Regional Asia Mengancam, Analis Sodorkan Sejumlah Saham Alternatif
:
0
EmitenNews.com - Gerak bursa Asia masih berkutat di zona Merah. Itu menyusul pernyataan Ketua China Banking and Insurance Regulatory Commission (CBIRC), Guo Shuqing. Guo menyebut khawatir bursa saham global mengalami bubble. Tidak sejalan dengan laju ekonomi.
Efeknya, sepanjang perdagangan Selasa (2/3), mayoritas bursa Asia tutup jungkir balik. ASX 200 minus 0,40 persen, HSI tekor 1,29 persen, KOSPI naik 1,03 persen, Nikkei anjlok 0,86 persen, dan SSEC menukik 1,21 persen.
Untungnya, bursa dalam negeri selamat dari jebakan koreksi tersebut.

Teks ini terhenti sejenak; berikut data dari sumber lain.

lemma nn_integral_points_inner_le:
  fixes h :: "'a \<Rightarrow> real" and s K :: real
  assumes s: "0 < s" "s < real DIM('a)" and "0 \<le> K" and [measurable]: "h \<in> borel_measurable borel"
    and nonneg: "\<And>y. 0 \<le> h y" and near: "\<And>y. norm y < r \<Longrightarrow> h y \<le> K * norm (x - y) powr (-s)"
    and far: "\<And>y. \<not> norm y < r \<Longrightarrow> h y = 0"
  shows "(\<integral>\<^sup>+y. h y \<partial>D) \<le> 3 * c * K * real DIM('a) / (real DIM('a) - s) * r powr (-s)"
proof -
  define V where "V = Vd TYPE('a)"
  define d where "d = real DIM('a)"
  define C where "C = c / (V * r ^ DIM('a)) * K"
  have "0 < V"
    unfolding V_def by (rule Vd_pos)
  then have "0 \<le> C"
    unfolding C_def using c_nonneg r_pos \<open>0 \<le> K\<close> by simp
  have pointwise: "mu_dens r R c y * h y \<le> C * (indicator (ball 0 r) y * norm (x - y) powr (-s))" for y
  proof (cases "norm y < r")
    case True
    then have "mu_dens r R c y * h y = c / (V * r ^ DIM('a)) * h y"
      unfolding mu_dens_def V_def by simp
    also have "\<dots> \<le> c / (V * r ^ DIM('a)) * (K * norm (x - y) powr (-s))"
      using near[OF True] c_nonneg \<open>0 < V\<close> r_pos by (intro mult_left_mono) auto
    finally show ?thesis
      using True unfolding C_def by (simp add: mult_ac)
  qed (use far \<open>0 \<le> C\<close> in simp)
  have "(\<integral>\<^sup>+y. h y \<partial>D) = (\<integral>\<^sup>+y. ennreal (mu_dens r R c y * h y) \<partial>lborel)"
    unfolding points_def by (simp add: nn_integral_density ennreal_mult mu_dens_nonneg nonneg)
  also have "\<dots> \<le> (\<integral>\<^sup>+y. ennreal C * ennreal (indicator (ball 0 r) y * norm (x - y) powr (-s)) \<partial>lborel)"
    using pointwise \<open>0 \<le> C\<close> by (intro nn_integral_mono) (simp add: ennreal_mult'[symmetric] ennreal_leI)
  also have "\<dots> = ennreal C * (\<integral>\<^sup>+y. ennreal (indicator (ball 0 r) y * norm (x - y) powr (-s)) \<partial>lborel)"
    by (rule nn_integral_cmult) measurable
  also have "\<dots> \<le> ennreal C * ennreal (3 * d / (d - s) * V * r powr (d - s))"
    unfolding d_def V_def using nn_integral_ball_norm_powr_le[OF s r_pos] by (intro mult_left_mono) auto
  also have "\<dots> = ennreal (3 * c * K * d / (d - s) * r powr (-s))"
  proof -
    have "r powr (d - s) = r ^ DIM('a) * r powr (-s)"
      unfolding d_def using r_pos by (simp add: powr_realpow[symmetric] powr_add[symmetric])
    then have eq: "C * (3 * d / (d - s) * V * r powr (d - s)) = 3 * c * K * d / (d - s) * r powr (-s)"
      unfolding C_def using \<open>0 < V\<close> r_pos by simp
    show ?thesis
      by (simp only: ennreal_mult'[OF \<open>0 \<le> C\<close>, symmetric] eq)
  qed
  finally show ?thesis
    unfolding d_def .
qed

lemma integral_points_inner_le:
  fixes h :: "'a \<Rightarrow> real" and s K :: real
  assumes s: "0 < s" "s < real DIM('a)" and "0 \<le> K" and [measurable]: "h \<in> borel_measurable borel"
    and nonneg: "\<And>y. 0 \<le> h y" and "\<And>y. norm y < r \<Longrightarrow> h y \<le> K * norm (x - y) powr (-s)"
    and "\<And>y. \<not> norm y < r \<Longrightarrow> h y = 0"
  shows "integral\<^sup>L D h \<le> 3 * c * K * real DIM('a) / (real DIM('a) - s) * r powr (-s)"
proof -
  have "integral\<^sup>L D h = enn2real (\<integral>\<^sup>+y. h y \<partial>D)"
    using nonneg by (intro integral_eq_nn_integral) auto
  then show ?thesis
    using nn_integral_points_inner_le[OF assms] s c_nonneg \<open>0 \<le> K\<close> by (auto intro!: enn2real_leI)
qed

Indeks Harga Saham Gabungan (IHSG) surplus 0,33 persen ke level 6.359. Kondisi tersebut tidak lepas dari sejumlah data positif.
Berdasar data Satuan Tugas (Satgas) Penanganan Covid-19, mencatat jumlah kasus Covid-19 beberapa hari terakhir menunjukkan tren menurun. Sepanjang Selasa (2/3), hanya ada tambahan 5.172 kasus. Selain itu, data PMI Manufaktur Februari sebesar 50,9. ”Itu menunjukkan aktivitas manufaktur domestik masih mengalami ekspansi,” tutur Equity Research Analyst Victoria Sekuritas Michael Alexander Santoso, di Jakarta, Rabu (3/3).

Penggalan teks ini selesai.